師匠はもちろん父と、90歳まで現役の職人として活躍した祖父の2人だ。
「最初は雑用からスタートしました。職人の世界では手取り足取り教えてもらえることはなく、見て覚えるしかありません。金箔押しに携われても、担当するのは仏壇の上など人の目につかない所ばかりでした。それでも、なんとか主要な部分を担当させてもらえるよう、一人で金箔押しの練習をするという日々を繰り返していました」

祖父、父が亡くなるまで「一度も褒められたことがない」と笑う後藤さんだが、現在では仏壇の仕組、箔押し、金粉まきの技術を取得し、蒔絵・漆器といった他分野の技術を勉強。ものを見る目も養い、今まで以上に仏壇作りに対する幅を広げる努力をしたという。

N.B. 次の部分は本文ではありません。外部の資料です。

(* Let $(S,+)$ be an infinite commutative semigroup admitting a family $(A_x)_{x\in S}$ of finite subsets of $S$ such that for every $x\in S$: $x\in A_x$; $x\notin S+(S\setminus A_x)$; and $|S\setminus\{y\in S : A_x\subseteq A_y\}|<|S|$. Let $M\subseteq S$ with $|M|=|S|$, and for each $x\in M$ let $B_x\subseteq S$ satisfy $B_x\subseteq A_x\subseteq B_x+B_x$. Then every diagonal $D$ of the family $(B_x)_{x\in M}$ satisfies $D+D=S$. Moreover, if $s\in\mathbb{N}\cup\{\infty\}$ and $s(B_x)\le s$ for all $x\in M$, then $s(D)\le s$.
   Context: For $X,Y\subseteq S$, $X+Y=\{u+v: u\in X, v\in Y\}$. A set $D$ is a diagonal of the family $(B_x)_{x\in M}$ if for every finite set $F$, the set $\{x\in M : F\cap D=F\cap B_x\}$ has cardinality $|M|$. For $X\subseteq S$ and $n\in S$, $r(X,n)=|\{(u,v)\in X\times X : u+v=n\}|$ and $s(X)=\sup_{n\in S} r(X,n)$. *)

theory Defs
  imports Main "HOL-Library.Set_Algebras" "HOL-Library.Equipollence" "HOL-Library.Extended_Nat"
begin

definition is_diagonal :: "'a set \<Rightarrow> ('b \<Rightarrow> 'a set) \<Rightarrow> 'b set \<Rightarrow> bool" where
  "is_diagonal D B M \<longleftrightarrow>
     (\<forall>F. finite F \<longrightarrow> {x \<in> M. F \<inter> D = F \<inter> B x} \<approx> M)"

definition rep :: "'a::plus set \<Rightarrow> 'a \<Rightarrow> enat" where
  "rep X n = (let P = {(u, v). u \<in> X \<and> v \<in> X \<and> u + v = n} in
              if finite P then enat (card P) else \<infinity>)"

definition srep :: "'a::plus set \<Rightarrow> enat" where
  "srep X = (SUP n. rep X n)"

end

theory Submission
  imports Defs
begin

text \<open>The condition \<open>n \<notin> S + (S - A n)\<close> forces both summands of every representation
  \<open>n = u + v\<close> into the finite set \<open>A n\<close>, so whether \<open>n \<in> D + D\<close>, and the value of \<open>r(D, n)\<close>,
  depend only on \<open>A n \<inter> D\<close>. The diagonal agrees with \<open>B x\<close> on \<open>A n\<close> for \<open>|S|\<close> many indices
  \<open>x\<close>, while fewer than \<open>|S|\<close> indices violate \<open>A n \<subseteq> A x\<close>; for an index satisfying both,
  \<open>n \<in> A x \<subseteq> B x + B x\<close> and \<open>r(D, n) = r(B x, n) \<le> s(B x)\<close>.\<close>

lemma summands_mem_if_not_mem_plus_compl:
  fixes n u v :: "'a::ab_semigroup_add"
  assumes "n \<notin> UNIV + (UNIV - A)" and "u + v = n"
  shows "u \<in> A" and "v \<in> A"
proof -
  show "v \<in> A"
    using assms by (metis Diff_iff UNIV_I set_plus_intro)
  then show "u \<in> A"
    using assms by (metis Diff_iff UNIV_I add.commute set_plus_intro)
qed

lemma rep_cong_on_summands:
  assumes "\<And>u v. u + v = n \<Longrightarrow> u \<in> C \<and> v \<in> C"
    and "C \<inter> X = C \<inter> Y"
  shows "rep X n = rep Y n"
proof -
  have "{(u, v). u \<in> X \<and> v \<in> X \<and> u + v = n} = {(u, v). u \<in> Y \<and> v \<in> Y \<and> u + v = n}"
    using assms by blast
  then show ?thesis
    by (simp add: rep_def)
qed

lemma rep_le_srep: "rep X n \<le> srep X"
  unfolding srep_def by (rule SUP_upper) simp

lemma eqpoll_not_subset_lesspoll:
  assumes "X \<approx> U" and "Y \<prec> U"
  shows "\<not> X \<subseteq> Y"
proof
  assume "X \<subseteq> Y"
  then have "X \<prec> U"
    using assms(2) by (meson subset_imp_lepoll lesspoll_trans1)
  then show False
    using assms(1) by (meson eqpoll_sym eq_lesspoll_trans lesspoll_not_refl)
qed

lemma diagonal_agrees_on_finite_within:
  fixes M P :: "'b set"
  assumes "is_diagonal D B M" and "M \<approx> (UNIV :: 'b set)"
    and "finite F" and "UNIV - P \<prec> (UNIV :: 'b set)"
  shows "\<exists>x\<in>M. x \<in> P \<and> F \<inter> D = F \<inter> B x"
proof -
  have "{x \<in> M. F \<inter> D = F \<inter> B x} \<approx> (UNIV :: 'b set)"
    using assms(1-3) unfolding is_diagonal_def by (meson eqpoll_trans)
  then have "\<not> {x \<in> M. F \<inter> D = F \<inter> B x} \<subseteq> UNIV - P"
    using assms(4) by (rule eqpoll_not_subset_lesspoll)
  then show ?thesis
    by blast
qed

theorem mainTheorem7:
  fixes A :: "'a::ab_semigroup_add \<Rightarrow> 'a set"
    and B :: "'a \<Rightarrow> 'a set"
    and M D :: "'a set"
    and s :: enat
  assumes inf: "infinite (UNIV :: 'a set)"
    and A_fin: "\<And>x. finite (A x)"
    and A_mem: "\<And>x. x \<in> A x"
    and A_irr: "\<And>x. x \<notin> (UNIV :: 'a set) + (UNIV - A x)"
    and A_small: "\<And>x. (UNIV - {y. A x \<subseteq> A y}) \<prec> (UNIV :: 'a set)"
    and M_card: "M \<approx> (UNIV :: 'a set)"
    and B_sub: "\<And>x. x \<in> M \<Longrightarrow> B x \<subseteq> A x"
    and A_sub: "\<And>x. x \<in> M \<Longrightarrow> A x \<subseteq> B x + B x"
    and diag: "is_diagonal D B M"
  shows "D + D = (UNIV :: 'a set)
         \<and> ((\<forall>x\<in>M. srep (B x) \<le> s) \<longrightarrow> srep D \<le> s)"
proof -
  have summands: "u \<in> A n \<and> v \<in> A n" if "u + v = n" for u v n
    using summands_mem_if_not_mem_plus_compl[OF A_irr that] by blast
  have agree: "\<exists>x\<in>M. A n \<subseteq> A x \<and> A n \<inter> D = A n \<inter> B x" for n
    using diagonal_agrees_on_finite_within[OF diag M_card A_fin A_small] by blast
  have "n \<in> D + D" for n
  proof -
    obtain x where x: "x \<in> M" "A n \<subseteq> A x" and eq: "A n \<inter> D = A n \<inter> B x"
      using agree by blast
    have "n \<in> B x + B x"
      using A_mem x A_sub by blast
    then obtain u v where "u \<in> B x" "v \<in> B x" "n = u + v"
      by (auto elim: set_plus_elim)
    with summands eq show ?thesis
      by (blast intro: set_plus_intro)
  qed
  moreover have "srep D \<le> s" if bound: "\<forall>x\<in>M. srep (B x) \<le> s"
    unfolding srep_def
  proof (rule SUP_least)
    fix n
    obtain x where "x \<in> M" and eq: "A n \<inter> D = A n \<inter> B x"
      using agree by blast
    have "rep D n = rep (B x) n"
      using summands eq by (rule rep_cong_on_summands)
    also have "\<dots> \<le> srep (B x)"
      by (rule rep_le_srep)
    also have "\<dots> \<le> s"
      using bound \<open>x \<in> M\<close> by blast
    finally show "rep D n \<le> s" .
  qed
  ultimately show ?thesis
    by blast
qed

end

こうした研鑽の末、後藤さんのもとに舞い込んだ仕事が、名古屋城本丸御殿復元工事であった。絢爛豪華な名古屋仏壇に携わる職人たちに白羽の矢が立ったのだ。後藤さんはその一人として、本丸御殿の対面所の天井、湯殿書院の風呂屋形の鬼瓦の葵の蕾の家紋の金箔押しに携わることができた。